## TASK GOAL
Every line in the data below that has the word "nbrs" should be returned.
START SOURCE DATA
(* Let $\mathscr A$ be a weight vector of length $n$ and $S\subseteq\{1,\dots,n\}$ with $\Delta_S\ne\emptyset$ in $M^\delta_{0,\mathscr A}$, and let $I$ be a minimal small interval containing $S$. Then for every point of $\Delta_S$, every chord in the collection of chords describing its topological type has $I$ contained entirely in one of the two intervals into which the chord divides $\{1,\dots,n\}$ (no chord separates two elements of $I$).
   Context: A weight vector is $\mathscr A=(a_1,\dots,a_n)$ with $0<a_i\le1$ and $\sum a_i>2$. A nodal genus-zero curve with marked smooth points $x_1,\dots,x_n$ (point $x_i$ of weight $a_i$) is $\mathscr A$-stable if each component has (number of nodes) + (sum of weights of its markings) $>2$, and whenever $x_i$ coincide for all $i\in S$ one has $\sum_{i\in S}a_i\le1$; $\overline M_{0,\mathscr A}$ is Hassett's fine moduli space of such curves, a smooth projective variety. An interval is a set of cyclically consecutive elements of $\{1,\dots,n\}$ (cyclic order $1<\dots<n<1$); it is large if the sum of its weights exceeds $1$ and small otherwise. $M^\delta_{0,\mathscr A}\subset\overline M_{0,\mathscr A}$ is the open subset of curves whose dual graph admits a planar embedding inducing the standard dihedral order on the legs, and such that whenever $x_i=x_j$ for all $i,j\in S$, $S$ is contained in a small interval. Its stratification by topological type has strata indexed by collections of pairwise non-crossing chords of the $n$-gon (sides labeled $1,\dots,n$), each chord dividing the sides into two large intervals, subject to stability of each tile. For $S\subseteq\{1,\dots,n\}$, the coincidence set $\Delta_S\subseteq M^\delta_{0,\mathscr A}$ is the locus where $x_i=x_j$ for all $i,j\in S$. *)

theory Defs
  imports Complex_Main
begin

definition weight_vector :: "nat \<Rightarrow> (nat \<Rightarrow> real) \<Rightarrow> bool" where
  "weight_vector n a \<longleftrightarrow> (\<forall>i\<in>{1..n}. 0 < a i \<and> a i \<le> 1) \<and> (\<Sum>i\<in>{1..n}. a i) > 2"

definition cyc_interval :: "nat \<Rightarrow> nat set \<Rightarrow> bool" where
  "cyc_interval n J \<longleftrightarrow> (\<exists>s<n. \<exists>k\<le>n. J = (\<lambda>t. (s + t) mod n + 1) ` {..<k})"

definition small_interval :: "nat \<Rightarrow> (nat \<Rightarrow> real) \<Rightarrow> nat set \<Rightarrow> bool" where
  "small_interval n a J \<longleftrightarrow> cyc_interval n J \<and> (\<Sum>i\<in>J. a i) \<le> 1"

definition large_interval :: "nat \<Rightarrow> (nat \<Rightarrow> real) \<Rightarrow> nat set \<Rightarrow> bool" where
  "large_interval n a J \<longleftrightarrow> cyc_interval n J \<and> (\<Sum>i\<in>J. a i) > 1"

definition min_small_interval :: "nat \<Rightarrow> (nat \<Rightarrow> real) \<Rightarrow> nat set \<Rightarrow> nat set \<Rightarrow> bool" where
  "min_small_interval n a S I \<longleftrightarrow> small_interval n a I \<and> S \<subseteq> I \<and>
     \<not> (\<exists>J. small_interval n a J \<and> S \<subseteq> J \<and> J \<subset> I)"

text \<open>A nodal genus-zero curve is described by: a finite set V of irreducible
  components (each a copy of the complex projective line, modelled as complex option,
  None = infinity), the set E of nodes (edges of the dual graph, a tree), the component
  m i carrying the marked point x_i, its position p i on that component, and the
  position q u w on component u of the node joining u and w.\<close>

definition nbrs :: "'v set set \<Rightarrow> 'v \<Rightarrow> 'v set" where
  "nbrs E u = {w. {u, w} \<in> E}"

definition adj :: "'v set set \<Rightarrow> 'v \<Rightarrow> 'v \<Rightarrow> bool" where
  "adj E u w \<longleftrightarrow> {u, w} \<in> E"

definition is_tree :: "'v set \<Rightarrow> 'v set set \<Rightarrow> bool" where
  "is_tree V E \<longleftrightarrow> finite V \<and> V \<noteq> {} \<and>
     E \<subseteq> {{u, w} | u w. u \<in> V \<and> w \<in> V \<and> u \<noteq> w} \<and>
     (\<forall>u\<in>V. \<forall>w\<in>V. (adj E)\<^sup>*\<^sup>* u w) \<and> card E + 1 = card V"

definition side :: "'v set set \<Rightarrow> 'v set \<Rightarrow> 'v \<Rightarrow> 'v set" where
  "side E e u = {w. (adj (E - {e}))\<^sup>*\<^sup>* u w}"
END SOURCE DATA
START SOURCE DATA
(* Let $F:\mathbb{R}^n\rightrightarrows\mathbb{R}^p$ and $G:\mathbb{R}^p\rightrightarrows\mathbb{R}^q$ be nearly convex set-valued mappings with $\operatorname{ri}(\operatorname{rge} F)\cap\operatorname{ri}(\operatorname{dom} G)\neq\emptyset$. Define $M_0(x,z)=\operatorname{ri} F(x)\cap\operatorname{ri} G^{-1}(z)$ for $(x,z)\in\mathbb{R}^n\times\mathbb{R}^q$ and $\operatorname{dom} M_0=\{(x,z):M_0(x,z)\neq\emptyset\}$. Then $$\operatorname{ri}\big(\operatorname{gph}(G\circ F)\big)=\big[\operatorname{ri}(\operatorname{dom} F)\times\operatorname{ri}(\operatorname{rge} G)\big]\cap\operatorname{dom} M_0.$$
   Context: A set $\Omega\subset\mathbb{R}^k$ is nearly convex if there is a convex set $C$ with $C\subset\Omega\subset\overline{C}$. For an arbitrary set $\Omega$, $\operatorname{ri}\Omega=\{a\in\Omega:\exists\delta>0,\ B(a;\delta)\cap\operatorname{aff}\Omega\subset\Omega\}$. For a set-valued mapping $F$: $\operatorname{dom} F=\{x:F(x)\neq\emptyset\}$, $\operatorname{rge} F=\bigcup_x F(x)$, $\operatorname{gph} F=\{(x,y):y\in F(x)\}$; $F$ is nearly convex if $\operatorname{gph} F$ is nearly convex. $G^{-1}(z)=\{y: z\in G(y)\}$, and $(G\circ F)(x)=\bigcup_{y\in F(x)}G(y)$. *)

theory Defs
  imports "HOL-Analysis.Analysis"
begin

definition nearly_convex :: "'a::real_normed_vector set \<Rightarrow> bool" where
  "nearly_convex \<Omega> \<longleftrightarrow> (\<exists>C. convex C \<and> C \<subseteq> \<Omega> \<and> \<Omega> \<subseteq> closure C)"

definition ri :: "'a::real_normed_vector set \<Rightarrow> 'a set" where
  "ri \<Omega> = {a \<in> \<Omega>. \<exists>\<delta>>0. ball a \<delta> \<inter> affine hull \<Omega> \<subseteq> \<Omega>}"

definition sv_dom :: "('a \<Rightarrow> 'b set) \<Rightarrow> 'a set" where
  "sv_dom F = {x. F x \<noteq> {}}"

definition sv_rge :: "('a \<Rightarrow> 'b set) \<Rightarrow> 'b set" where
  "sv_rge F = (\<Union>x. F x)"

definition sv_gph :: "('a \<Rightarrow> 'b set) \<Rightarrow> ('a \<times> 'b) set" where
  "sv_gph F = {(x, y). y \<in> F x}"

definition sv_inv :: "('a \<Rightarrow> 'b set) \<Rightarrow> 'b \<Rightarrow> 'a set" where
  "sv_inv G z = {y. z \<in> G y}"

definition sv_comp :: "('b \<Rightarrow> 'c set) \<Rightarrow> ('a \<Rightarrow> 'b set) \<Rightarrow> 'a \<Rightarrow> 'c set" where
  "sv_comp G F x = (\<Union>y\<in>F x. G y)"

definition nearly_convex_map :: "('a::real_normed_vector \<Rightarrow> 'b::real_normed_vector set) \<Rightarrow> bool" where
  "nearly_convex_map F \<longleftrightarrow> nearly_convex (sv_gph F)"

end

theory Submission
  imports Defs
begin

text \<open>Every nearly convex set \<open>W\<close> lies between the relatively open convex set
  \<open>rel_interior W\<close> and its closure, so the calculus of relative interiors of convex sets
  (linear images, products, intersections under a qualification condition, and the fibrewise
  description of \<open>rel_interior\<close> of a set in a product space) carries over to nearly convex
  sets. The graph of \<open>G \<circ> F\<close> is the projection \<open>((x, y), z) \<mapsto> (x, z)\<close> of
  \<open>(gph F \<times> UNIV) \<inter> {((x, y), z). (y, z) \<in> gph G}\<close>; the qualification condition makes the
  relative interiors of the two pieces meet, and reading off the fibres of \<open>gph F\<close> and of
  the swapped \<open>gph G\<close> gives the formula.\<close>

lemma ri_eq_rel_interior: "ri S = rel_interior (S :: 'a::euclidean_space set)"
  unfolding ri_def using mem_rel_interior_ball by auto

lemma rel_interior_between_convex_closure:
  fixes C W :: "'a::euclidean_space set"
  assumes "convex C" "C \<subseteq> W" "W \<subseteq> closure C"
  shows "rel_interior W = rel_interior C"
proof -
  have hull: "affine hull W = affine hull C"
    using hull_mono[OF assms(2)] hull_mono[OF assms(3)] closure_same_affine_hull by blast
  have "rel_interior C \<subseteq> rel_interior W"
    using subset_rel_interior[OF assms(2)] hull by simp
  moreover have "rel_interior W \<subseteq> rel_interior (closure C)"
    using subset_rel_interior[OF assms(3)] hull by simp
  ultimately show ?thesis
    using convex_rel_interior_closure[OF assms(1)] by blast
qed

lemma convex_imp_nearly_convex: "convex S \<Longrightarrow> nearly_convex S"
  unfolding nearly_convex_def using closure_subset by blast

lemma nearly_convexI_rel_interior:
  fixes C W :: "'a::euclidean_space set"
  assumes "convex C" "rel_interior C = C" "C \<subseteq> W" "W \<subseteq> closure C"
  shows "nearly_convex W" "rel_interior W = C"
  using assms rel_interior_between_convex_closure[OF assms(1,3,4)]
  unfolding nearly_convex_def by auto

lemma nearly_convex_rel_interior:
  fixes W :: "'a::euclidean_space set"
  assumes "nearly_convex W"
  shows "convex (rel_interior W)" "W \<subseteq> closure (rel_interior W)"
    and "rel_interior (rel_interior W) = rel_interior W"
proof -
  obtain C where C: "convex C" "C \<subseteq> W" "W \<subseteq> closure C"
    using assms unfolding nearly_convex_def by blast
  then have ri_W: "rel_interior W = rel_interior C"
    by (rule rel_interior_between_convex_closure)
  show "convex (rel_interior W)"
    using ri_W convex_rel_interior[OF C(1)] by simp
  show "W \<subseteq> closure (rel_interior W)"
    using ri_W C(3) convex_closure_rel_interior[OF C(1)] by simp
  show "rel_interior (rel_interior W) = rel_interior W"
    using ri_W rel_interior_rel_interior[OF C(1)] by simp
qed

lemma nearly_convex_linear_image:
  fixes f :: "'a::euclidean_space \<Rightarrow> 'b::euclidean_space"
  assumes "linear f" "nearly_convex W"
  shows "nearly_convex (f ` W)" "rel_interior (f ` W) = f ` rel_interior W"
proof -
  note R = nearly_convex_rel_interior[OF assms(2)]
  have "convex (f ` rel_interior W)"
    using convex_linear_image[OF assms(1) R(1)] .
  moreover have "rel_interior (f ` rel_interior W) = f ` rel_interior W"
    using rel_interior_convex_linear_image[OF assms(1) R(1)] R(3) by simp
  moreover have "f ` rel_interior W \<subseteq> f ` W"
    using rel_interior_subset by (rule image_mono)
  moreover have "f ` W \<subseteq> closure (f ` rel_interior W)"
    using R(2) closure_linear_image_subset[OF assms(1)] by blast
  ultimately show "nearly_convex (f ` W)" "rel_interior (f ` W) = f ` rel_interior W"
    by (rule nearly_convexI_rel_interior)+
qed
END SOURCE DATA
## SOLUTION FOR THIS EXERCISE
definition nbrs :: "'v set set \<Rightarrow> 'v \<Rightarrow> 'v set" where
  "nbrs E u = {w. {u, w} \<in> E}"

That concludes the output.